2.) The weather is getting colder. It's pushing the limits of what I can do as far as any more work on the house exterior, so this weekend is likely to be the last push for the exterior stuff. I need to do some further flashing and get the exterior insulation up.
3.) The Haunt Crawl seems to be pretty dead. I was gonna try to manage this Friday night, but my heart really isn't in it this year. I might swing out to the Fright Farm, but I'm not feeling like going alone out to TOT or Valleyscare.
4.) I am actually dating again, consistently with the same woman for more than three dates. And I've forgotten how to date. It would be funny if it weren't true, but I'm feeling at a total loss for what to do. I can fix almost anything mechanical or electrical, but I am a total moron when it comes to romanticity. More distinctly, I am feeling devoid of anything interesting to talk about-- it's all home repair, work, health and exercise... and that's pretty much it. When in the Farookin' Prairie Dog did I become so damn boring?
5.) Social life is still pretty much nonex. That's probably contributory to the above.
6.) Creative outlets are currently shut down. That's definitely contributory. I know it's building up-- I already have artworks in mind to be working on. I'm holding off until I have a clean space to do them, and that means getting off my ass and cleaning.
7.) Barb is in moving-out mode. She's doing serious apartment searching in KCMO this weekend, which promises to be a bit of an adventure. In the psychic sense, she's in a serious fluxxor-- this is probably the biggest self-directed change in her life, and she's stressed and a little scared about the whole thing. That vibe is definitely carrying over into the general household. I am not doing anything to appease or alleviate the fear and trepidation, it is not my place to provide solace anymore, and more importantly, it is a part of the whole experience that she needs to have.
8.) Winter cometh. I have yet to do any winterization of the house, and I still have AC units in a couple of windows that could probably come out without a whole lot of fear of 90-plus degree weather coming.
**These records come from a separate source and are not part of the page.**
(* Let $H$ be a Hilbert space and $T$ a densely defined closed operator on $H$ with closed range. Then $T$ is selfadjoint if and only if $w(T)$ is selfadjoint.
   Context: For a densely defined closed operator $A$ with closed range, $C(A)=D(A)\cap N(A)^{\perp}$, and the Moore–Penrose inverse $A^{\dagger}$ is defined on $R(A)\oplus^{\perp}R(A)^{\perp}$ by $A^{\dagger}y=(A|_{C(A)})^{-1}y$ for $y\in R(A)$ and $A^{\dagger}y=0$ for $y\in R(A)^{\perp}$. The generalized Cauchy dual is $w(A)=A(A^{*}A)^{\dagger}$ (products on natural domains). *)

theory Defs
  imports "HOL-Analysis.Analysis"
begin

class complex_vector = real_vector +
  fixes scaleC :: "complex \<Rightarrow> 'a \<Rightarrow> 'a" (infixr \<open>*\<^sub>C\<close> 75)
  assumes scaleC_add_right: "a *\<^sub>C (x + y) = a *\<^sub>C x + a *\<^sub>C y"
    and scaleC_add_left: "(a + b) *\<^sub>C x = a *\<^sub>C x + b *\<^sub>C x"
    and scaleC_scaleC: "a *\<^sub>C (b *\<^sub>C x) = (a * b) *\<^sub>C x"
    and scaleC_one: "1 *\<^sub>C x = x"
    and scaleR_scaleC: "r *\<^sub>R x = complex_of_real r *\<^sub>C x"

class complex_inner = complex_vector + real_normed_vector +
  fixes cinner :: "'a \<Rightarrow> 'a \<Rightarrow> complex"
  assumes cinner_commute: "cinner x y = cnj (cinner y x)"
    and cinner_add_left: "cinner (x + y) z = cinner x z + cinner y z"
    and cinner_scaleC_left: "cinner (c *\<^sub>C x) y = cnj c * cinner x y"
    and cinner_ge_zero: "0 \<le> Re (cinner x x)"
    and cinner_eq_zero_iff: "cinner x x = 0 \<longleftrightarrow> x = 0"
    and norm_eq_sqrt_cinner: "norm x = sqrt (Re (cinner x x))"

class chilbert_space = complex_inner + complete_space

type_synonym 'a linop = "'a set \<times> ('a \<Rightarrow> 'a)"

definition op_dom :: "'a linop \<Rightarrow> 'a set" where "op_dom T = fst T"
definition op_app :: "'a linop \<Rightarrow> 'a \<Rightarrow> 'a" where "op_app T = snd T"

definition csubspace :: "'a::complex_vector set \<Rightarrow> bool" where
  "csubspace S \<longleftrightarrow> 0 \<in> S \<and> (\<forall>x\<in>S. \<forall>y\<in>S. x + y \<in> S) \<and> (\<forall>c. \<forall>x\<in>S. c *\<^sub>C x \<in> S)"

definition lin_op :: "'a::complex_vector linop \<Rightarrow> bool" where
  "lin_op T \<longleftrightarrow> csubspace (op_dom T)
     \<and> (\<forall>x\<in>op_dom T. \<forall>y\<in>op_dom T. op_app T (x + y) = op_app T x + op_app T y)
     \<and> (\<forall>c. \<forall>x\<in>op_dom T. op_app T (c *\<^sub>C x) = c *\<^sub>C op_app T x)"

definition densely_defined :: "'a::complex_inner linop \<Rightarrow> bool" where
  "densely_defined T \<longleftrightarrow> closure (op_dom T) = UNIV"

definition graph :: "'a linop \<Rightarrow> ('a \<times> 'a) set" where
  "graph T = {(x, op_app T x) | x. x \<in> op_dom T}"

definition closed_op :: "'a::complex_inner linop \<Rightarrow> bool" where
  "closed_op T \<longleftrightarrow> closed (graph T)"

definition ran :: "'a linop \<Rightarrow> 'a set" where
  "ran T = op_app T ` op_dom T"
lemma IB_curve_ge:
  assumes "encoder k q" "IXT p k q \<le> IX"
  shows "IYT p k q \<le> IB_curve p IX"
  unfolding IB_curve_def
proof (rule cSup_upper)
  show "bdd_above {IYT p k q |k q. encoder k q \<and> IXT p k q \<le> IX}"
    by (rule bdd_aboveI[of _ IX]) (auto dest: IYT_le_IXT)
qed (use assms in blast)

lemma IB_curve_le_bound:
  assumes "0 \<le> IX" "\<And>k q. encoder k q \<Longrightarrow> IXT p k q \<le> IX \<Longrightarrow> IYT p k q \<le> z"
  shows "IB_curve p IX \<le> z"
  unfolding IB_curve_def
proof (rule cSup_least)
  show "{IYT p k q |k q. encoder k q \<and> IXT p k q \<le> IX} \<noteq> {}"
    using encoder_const assms(1) by force
qed (use assms(2) in blast)

lemma IB_curve_le: "0 \<le> IX \<Longrightarrow> IB_curve p IX \<le> IX"
  by (rule IB_curve_le_bound) (auto dest: IYT_le_IXT)

lemma IB_curve_nonneg: "0 \<le> IX \<Longrightarrow> 0 \<le> IB_curve p IX"
  using IB_curve_ge[OF encoder_const(1)] encoder_const by simp

lemma IB_curve_mult_le:
  assumes "0 \<le> l" "l \<le> 1" "0 \<le> IX"
  shows "l * IB_curve p IX \<le> IB_curve p (l * IX)"
proof (cases "l = 0")
  case True
  then show ?thesis by (simp add: IB_curve_nonneg)
next
  case False
  have "IB_curve p IX \<le> IB_curve p (l * IX) / l"
  proof (rule IB_curve_le_bound[OF assms(3)])
    fix k q assume q: "encoder k q" "IXT p k q \<le> IX"
    obtain q' where q': "encoder (Suc k) q'"
      "IXT p (Suc k) q' = l * IXT p k q" "IYT p (Suc k) q' = l * IYT p k q"
      using encoder_erasure[OF q(1) assms(1,2)] .
    have "IXT p (Suc k) q' \<le> l * IX"
      using q(2) assms(1) by (simp add: q'(2) mult_left_mono)
    then have "l * IYT p k q \<le> IB_curve p (l * IX)"
      using IB_curve_ge[OF q'(1)] q'(3) by simp
    then show "IYT p k q \<le> IB_curve p (l * IX) / l"
      using False assms(1) by (simp add: le_divide_eq mult.commute)
  qed
  then show ?thesis
    using False assms(1) by (simp add: le_divide_eq mult.commute)
qed
lemma (in prob_space) distr_pair_of_disjoint_groups:
  assumes ind: "indep_sets E I" and stable: "\<And>i. i \<in> I \<Longrightarrow> Int_stable (E i)"
    and K: "Ka \<subseteq> I" "Kb \<subseteq> I" "Ka \<inter> Kb = {}"
    and Xa: "Xa \<in> measurable (sigma (space M) (\<Union>i\<in>Ka. E i)) Sa"
    and Xb: "Xb \<in> measurable (sigma (space M) (\<Union>i\<in>Kb. E i)) Sb"
  shows "distr M (Sa \<Otimes>\<^sub>M Sb) (\<lambda>\<omega>. (Xa \<omega>, Xb \<omega>)) = distr M Sa Xa \<Otimes>\<^sub>M distr M Sb Xb"
proof -
  have events: "(\<Union>i\<in>K. E i) \<subseteq> events" if "K \<subseteq> I" for K
    using ind that by (auto simp: indep_sets_def)
  have sub: "sets (sigma (space M) (\<Union>i\<in>K. E i)) \<subseteq> events" if "K \<subseteq> I" for K
    using events[OF that] sets.sets_into_space
    by (subst sets_measure_of) (auto intro!: sets.sigma_sets_subset)
  have pre: "sigma_sets (space M) {X -` A \<inter> space M |A. A \<in> sets S} \<subseteq> sigma_sets (space M) (\<Union>i\<in>K. E i)"
    if "K \<subseteq> I" "X \<in> measurable (sigma (space M) (\<Union>i\<in>K. E i)) S"
    for X :: "'a \<Rightarrow> 'x" and K S
  proof (rule sigma_sets_mono)
    have "(\<Union>i\<in>K. E i) \<subseteq> Pow (space M)"
      using events[OF that(1)] sets.sets_into_space by blast
    then have "X -` A \<inter> space M \<in> sigma_sets (space M) (\<Union>i\<in>K. E i)" if "A \<in> sets S" for A
      using measurable_sets[OF \<open>X \<in> _\<close> that] by simp
    then show "{X -` A \<inter> space M |A. A \<in> sets S} \<subseteq> sigma_sets (space M) (\<Union>i\<in>K. E i)"
      by blast
  qed
  have "indep_sets (\<lambda>j. sigma_sets (space M) (\<Union>i\<in>case_bool Ka Kb j. E i)) UNIV"
    by (rule indep_sets_collect_sigma[OF indep_sets_mono_index[OF _ ind]])
       (use stable K in \<open>auto simp: disjoint_family_on_def split: bool.splits\<close>)
  then have indep: "indep_set (sigma_sets (space M) {Xa -` A \<inter> space M |A. A \<in> sets Sa})
                       (sigma_sets (space M) {Xb -` A \<inter> space M |A. A \<in> sets Sb})"
    unfolding indep_set_def
    by (rule indep_sets_mono_sets) (use pre[OF K(1) Xa] pre[OF K(2) Xb] in \<open>auto split: bool.splits\<close>)
  have rv: "random_variable Sa Xa" "random_variable Sb Xb"
    using Xa Xb measurable_mono[OF order_refl refl sub[OF K(1)]] measurable_mono[OF order_refl refl sub[OF K(2)]]
    by (auto simp: space_measure_of_conv)
  show ?thesis
    by (rule distr_pair_eq_pair_measure_if_indep_set[OF rv indep])
qed

lemma (in prob_space) variance_scaled_sum:
  fixes R :: "'i \<Rightarrow> 'a \<Rightarrow> real"
  assumes W: "finite W" and R: "\<And>i. i \<in> W \<Longrightarrow> R i \<in> borel_measurable M"
    and bounded: "\<And>i \<omega>. i \<in> W \<Longrightarrow> \<bar>R i \<omega>\<bar> \<le> K"
  shows "variance (\<lambda>\<omega>. c * (\<Sum>i\<in>W. R i \<omega>))
    = c\<^sup>2 * ((\<Sum>i\<in>W. \<Sum>j\<in>W. \<integral>\<omega>. R i \<omega> * R j \<omega> \<partial>M) - (\<Sum>i\<in>W. \<integral>\<omega>. R i \<omega> \<partial>M)\<^sup>2)"
proof -
  have int_R: "integrable M (R i)" if "i \<in> W" for i
    using R bounded that by (intro integrable_const_bound[where B=K]) auto
  have int_RR: "integrable M (\<lambda>\<omega>. R i \<omega> * R j \<omega>)" if "i \<in> W" "j \<in> W" for i j
    using R bounded that
    by (intro integrable_const_bound[where B="K * K"]) (auto simp: abs_mult intro!: mult_mono')
  have square: "(c * (\<Sum>i\<in>W. R i \<omega>))\<^sup>2 = c\<^sup>2 * (\<Sum>i\<in>W. \<Sum>j\<in>W. R i \<omega> * R j \<omega>)" for \<omega>
    by (simp add: power2_eq_square sum_product algebra_simps)
  have "variance (\<lambda>\<omega>. c * (\<Sum>i\<in>W. R i \<omega>))
      = (\<integral>\<omega>. (c * (\<Sum>i\<in>W. R i \<omega>))\<^sup>2 \<partial>M) - (\<integral>\<omega>. c * (\<Sum>i\<in>W. R i \<omega>) \<partial>M)\<^sup>2"
    using int_R int_RR by (intro variance_eq) (auto simp: square)
  also have "\<dots> = c\<^sup>2 * (\<Sum>i\<in>W. \<Sum>j\<in>W. \<integral>\<omega>. R i \<omega> * R j \<omega> \<partial>M) - (c * (\<Sum>i\<in>W. \<integral>\<omega>. R i \<omega> \<partial>M))\<^sup>2"
    using int_R int_RR by (simp add: square integral_sum)
  finally show ?thesis
    by (simp add: power_mult_distrib right_diff_distrib)
qed

lemma Int_stable_preimages: "Int_stable {f -` B \<inter> \<Omega> | B. B \<in> sets N}"
proof (rule Int_stableI, clarify)
  fix B B' assume "B \<in> sets N" "B' \<in> sets N"
  moreover have "f -` B \<inter> \<Omega> \<inter> (f -` B' \<inter> \<Omega>) = f -` (B \<inter> B') \<inter> \<Omega>"
    by auto
  ultimately show "\<exists>C. f -` B \<inter> \<Omega> \<inter> (f -` B' \<inter> \<Omega>) = f -` C \<inter> \<Omega> \<and> C \<in> sets N"
    by blast
qed

lemma measurable_sigma_of_preimages:
  assumes "{f -` B \<inter> \<Omega> | B. B \<in> sets (borel :: 'x::topological_space measure)} \<subseteq> G"
    and "G \<subseteq> Pow \<Omega>"
  shows "f \<in> measurable (sigma \<Omega> G) borel"
proof (rule measurableI)
  fix A :: "'x set" assume "A \<in> sets borel"
  then show "f -` A \<inter> space (sigma \<Omega> G) \<in> sets (sigma \<Omega> G)"
    using assms by auto
qed auto

locale indep_iid_family = prob_space M for M :: "'a measure" +
  fixes T :: "'a \<Rightarrow> 'm::topological_space" and r :: "'v \<Rightarrow> 'a \<Rightarrow> real"
    and V :: "'v set" and D :: "real measure"
  assumes indep: "indep_sets
      (\<lambda>i. case i of None \<Rightarrow> {T -` B \<inter> space M | B. B \<in> sets (borel :: 'm measure)}
                   | Some v \<Rightarrow> {r v -` B \<inter> space M | B. B \<in> sets (borel :: real measure)})
      (insert None (Some ` V))"
    and identically_distributed: "\<And>v. v \<in> V \<Longrightarrow> distr M borel (r v) = D"
begin

definition generators :: "'v option \<Rightarrow> 'a set set" where
  "generators i = (case i of None \<Rightarrow> {T -` B \<inter> space M | B. B \<in> sets (borel :: 'm measure)}
                   | Some v \<Rightarrow> {r v -` B \<inter> space M | B. B \<in> sets (borel :: real measure)})"

lemma Int_stable_generators: "Int_stable (generators i)"
  by (cases i) (simp_all add: generators_def Int_stable_preimages)

lemma indep_generators: "indep_sets generators (insert None (Some ` V))"
  using indep unfolding generators_def .

lemma generators_subset_Pow: "(\<Union>i\<in>K. generators i) \<subseteq> Pow (space M)"
  by (auto simp: generators_def split: option.splits)

lemma measurable_T_generated:
  "None \<in> K \<Longrightarrow> T \<in> measurable (sigma (space M) (\<Union>i\<in>K. generators i)) borel"
  by (rule measurable_sigma_of_preimages[OF _ generators_subset_Pow]) (force simp: generators_def)

lemma measurable_r_generated:
  "Some v \<in> K \<Longrightarrow> r v \<in> measurable (sigma (space M) (\<Union>i\<in>K. generators i)) borel"
  by (rule measurable_sigma_of_preimages[OF _ generators_subset_Pow]) (force simp: generators_def)

lemma distr_T_r:
  assumes "v \<in> V"
  shows "distr M (borel \<Otimes>\<^sub>M borel) (\<lambda>\<omega>. (T \<omega>, r v \<omega>)) = distr M borel T \<Otimes>\<^sub>M D"
proof -
  have K: "{None} \<subseteq> insert None (Some ` V)" "{Some v} \<subseteq> insert None (Some ` V)" "{None} \<inter> {Some v} = {}"
    using assms by auto
  have "distr M (borel \<Otimes>\<^sub>M borel) (\<lambda>\<omega>. (T \<omega>, r v \<omega>)) = distr M borel T \<Otimes>\<^sub>M distr M borel (r v)"
    by (rule distr_pair_of_disjoint_groups[OF indep_generators Int_stable_generators K
          measurable_T_generated[OF singletonI] measurable_r_generated[OF singletonI]])
  then show ?thesis
    by (simp only: identically_distributed assms)
qed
The studio unit isn't much of an issue-- that can come out without a lot of fuss. The bedroom unit is a bit more involved as the computer system is currently ensconced rather firmly in front of it, and it will take some doing-- or rather some undoing and re-doing-- to get it the hell outta there. And really, it's pretty much a full load-out of the bedroom to do it the right way and get rid of the temporary work tables that are such a part of the existence of my life right now.
Overall, it's a phase change. I suppose I should embrace it, but holy cow nuts, I really want some stable downtime.